Each row represents one player, so you have to iterate through the <tr> tags and extract the data inside. 每行代表一个玩家,因此您必须遍历<tr>标记并提取其中的数据。 Here is how: 方法如下:

from bs4 import BeautifulSoup

# replace with the html
html_doc = """<div> ... </div>"""    

soup = BeautifulSoup(html_doc, "html.parser")
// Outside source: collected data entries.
lemma slice_cut_bounds: "i \<le> k \<Longrightarrow> 0 \<le> slice_cut n i \<and> slice_cut n i \<le> 1"
  using slice_cut_mono[of 0 i n] slice_cut_mono[of i k n] slice_cut_last by simp

lemma slice_cut_equation:
  assumes "i \<le> k"
  shows "slice_cut n i - (slice_cut n i)^2 / real n = 4 * real i / real n"
proof -
  define r where "r = sqrt ((real n)^2 - 16 * real i)"
  have "16 * real i \<le> 4 * real n - 4"
    using assms nk by simp
  also have "\<dots> \<le> (real n)^2"
    using zero_le_power2[of "real n - 2"] unfolding power2_diff by simp
  finally have r2: "r^2 = (real n)^2 - 16 * real i"
    unfolding r_def by simp
  have "slice_cut n i - (slice_cut n i)^2 / real n = ((real n)^2 - r^2) / (4 * real n)"
    using n unfolding slice_cut_def r_def[symmetric] by (simp add: field_simps power2_eq_square)
  also have "\<dots> = 4 * real i / real n"
    unfolding r2 by simp
  finally show ?thesis .
qed

lemma slice_cut_trapezoid:
  assumes "i \<in> {1..k}"
  shows "(slice_cut n i - slice_cut n (i - 1)) *
    (roof (real n) (slice_cut n (i - 1)) + roof (real n) (slice_cut n i)) / 2 = 4 / real n"
proof -
  have i: "i \<le> k" "i - 1 \<le> k"
    using assms by auto
  have "(slice_cut n i - slice_cut n (i - 1)) *
      (roof (real n) (slice_cut n (i - 1)) + roof (real n) (slice_cut n i)) / 2
    = (slice_cut n i - (slice_cut n i)^2 / real n)
      - (slice_cut n (i - 1) - (slice_cut n (i - 1))^2 / real n)"
    using n by (simp add: roof_def field_simps power2_eq_square)
  also have "\<dots> = 4 * real i / real n - 4 * real (i - 1) / real n"
    unfolding slice_cut_equation[OF i(1)] slice_cut_equation[OF i(2)] ..
  also have "\<dots> = 4 / real n"
    using assms by (simp add: of_nat_diff algebra_simps flip: diff_divide_distrib)
  finally show ?thesis .
qed
(* Let $X$ be a locally compact separable metrizable space, $Z\subseteq X$ compact, and let $\mathcal U=(\mathfrak P,\{\mathcal U_{\mathfrak p}\},\{\Phi_{\mathfrak p\mathfrak q}\})$ be an abstract good coordinate system of $Z$ in the strong sense, with $\mathcal U_{\mathfrak p}=(U_{\mathfrak p},S_{\mathfrak p},\psi_{\mathfrak p})$. Let $|\mathcal U|=(\coprod_{\mathfrak p}U_{\mathfrak p})/\sim$ with the quotient topology. For each $\mathfrak p$ choose an open $U'_{\mathfrak p}\Subset U_{\mathfrak p}$ and denote also by $U'_{\mathfrak p}$ its image under the natural map $U_{\mathfrak p}\to|\mathcal U|$. Then $U'=\bigcup_{\mathfrak p\in\mathfrak P}U'_{\mathfrak p}\subseteq|\mathcal U|$, equipped with the subspace topology induced from $|\mathcal U|$, is separable and metrizable.
   Context: An abstract K-chart of $X$ is a triple $(U,S,\psi)$ where $U$ is a locally compact separable metrizable space, $S\subseteq U$ is closed, and $\psi:S\to X$ is a homeomorphism onto an open subset of $X$. Given abstract K-charts $\mathcal U_i=(U_i,S_i,\psi_i)$ ($i=1,2$), a coordinate change from $\mathcal U_1$ to $\mathcal U_2$ is a pair $(U_{21},\varphi_{21})$ with: (1) $U_{21}\subseteq U_1$ open; (2) $\varphi_{21}:U_{21}\to U_2$ a topological embedding; (3) $S_1\cap U_{21}=\varphi_{21}^{-1}(S_2)$ and $\psi_2\circ\varphi_{21}=\psi_1$ on $S_1\cap U_{21}$; (4) $\psi_1(S_1\cap U_{21})=\psi_1(S_1)\cap\psi_2(S_2)$. An abstract good coordinate system of $Z$ in the weak sense is $(\mathfrak P,\{\mathcal U_{\mathfrak p}\},\{\Phi_{\mathfrak p\mathfrak q}\})$ where: (1) $\mathfrak P$ is a finite partially ordered set; (2) each $\mathcal U_{\mathfrak p}=(U_{\mathfrak p},S_{\mathfrak p},\psi_{\mathfrak p})$ is an abstract K-chart; (3) for $\mathfrak q\le\mathfrak p$, $\Phi_{\mathfrak p\mathfrak q}=(U_{\mathfrak p\mathfrak q},\varphi_{\mathfrak p\mathfrak q})$ is a coordinate change from $\mathcal U_{\mathfrak q}$ to $\mathcal U_{\mathfrak p}$, with $U_{\mathfrak p\mathfrak p}=U_{\mathfrak p}$ and $\varphi_{\mathfrak p\mathfrak p}=\mathrm{id}$; (4) if $\mathfrak r\le\mathfrak q\le\mathfrak p$ then $\varphi_{\mathfrak p\mathfrak r}=\varphi_{\mathfrak p\mathfrak q}\circ\varphi_{\mathfrak q\mathfrak r}$ on $\varphi_{\mathfrak q\mathfrak r}^{-1}(U_{\mathfrak p\mathfrak q})\cap U_{\mathfrak p\mathfrak r}$; (5) if $\psi_{\mathfrak p}(S_{\mathfrak p})\cap\psi_{\mathfrak q}(S_{\mathfrak q})\neq\emptyset$ then $\mathfrak p\le\mathfrak q$ or $\mathfrak q\le\mathfrak p$; (6) $\bigcup_{\mathfrak p}\psi_{\mathfrak p}(S_{\mathfrak p})\supseteq Z$. On $\coprod_{\mathfrak p}U_{\mathfrak p}$ define a relation $\sim$: for $x\in U_{\mathfrak p}$, $y\in U_{\mathfrak q}$, $x\sim y$ iff (a) $\mathfrak p=\mathfrak q$ and $x=y$, or (b) $\mathfrak p\le\mathfrak q$, $x\in U_{\mathfrak q\mathfrak p}$ and $y=\varphi_{\mathfrak q\mathfrak p}(x)$, or (c) $\mathfrak q\le\mathfrak p$, $y\in U_{\mathfrak p\mathfrak q}$ and $x=\varphi_{\mathfrak p\mathfrak q}(y)$. The system is an abstract good coordinate system of $Z$ in the strong sense if it is one in the weak sense and moreover $\sim$ is an equivalence relation and the quotient $(\coprod_{\mathfrak p}U_{\mathfrak p})/\sim$ with the quotient topology is Hausdorff. For an open subset $V$ of a separable metrizable space $U$, $V\Subset U$ means the closure of $V$ in $U$ is compact. *)

theory Defs
  imports "HOL-Analysis.Analysis"
begin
# this is where we store the extracted data
players = []

# iterates through the table rows
for row in soup.find_all('tr'):
    # this takes the text (which is seperated by \n in you case) 
    # and the "if data" is used to clean up empty entries
    player_data = [data for data in row.get_text().split("\n") if data]
    players.append(player_data)

# we remove the first entry, as it's the table headers
del players[0]

print(players) 

Output: 输出:

[['C.Anthony', '30', '19', '5', '3'], ['K.Porzingis', '33', '16', '7', '0'], ['J.Noah', '20', '0', '6', '3'], ['C.Lee', '20', '0', '3', '0'], ['D.Rose', '30', '17', '3', '1'], ['B.Jennings', '21', '7', '3', '5'], ["K.O'Quinn", '15', '2', '5', '1'], ['L.Thomas', '17', '2', '1', '1'], ['J.Holiday', '26', '8', '6', '2'], ['W.Hernangomez', '9', '4', '1', '0'], ['S.Vujacic', '3', '1', '0', '1'], ['M.Kuzminskas', '9', '7', '1', '0'], ['R.Baker', '7', '5', '1', '0'], ['Name', 'MIN', 'PTS', 'REB', 'AST'], ['L.James', '32', '19', '11', '14'], ['K.Love', '25', '23', '12', '2'], ['T.Thompson', '22', '0', '6', '0'], ['J.Smith', '25', '8', '3', '2'], ['K.Irving', '30', '29', '2', '4'], ['R.Jefferson', '26', '13', '4', '1'], ['I.Shumpert', '14', '2', '2', '3'], ['M.Dunleavy', '23', '4', '4', '2'], ['C.Frye', '14', '6', '4', '0'], ['J.McRae', '6', '2', '0', '0'], ['D.Liggins', '12', '4', '3', '3'], ['C.Andersen', '6', '2', '0', '0'], ['J.Jones', '6', '5', '0', '0']]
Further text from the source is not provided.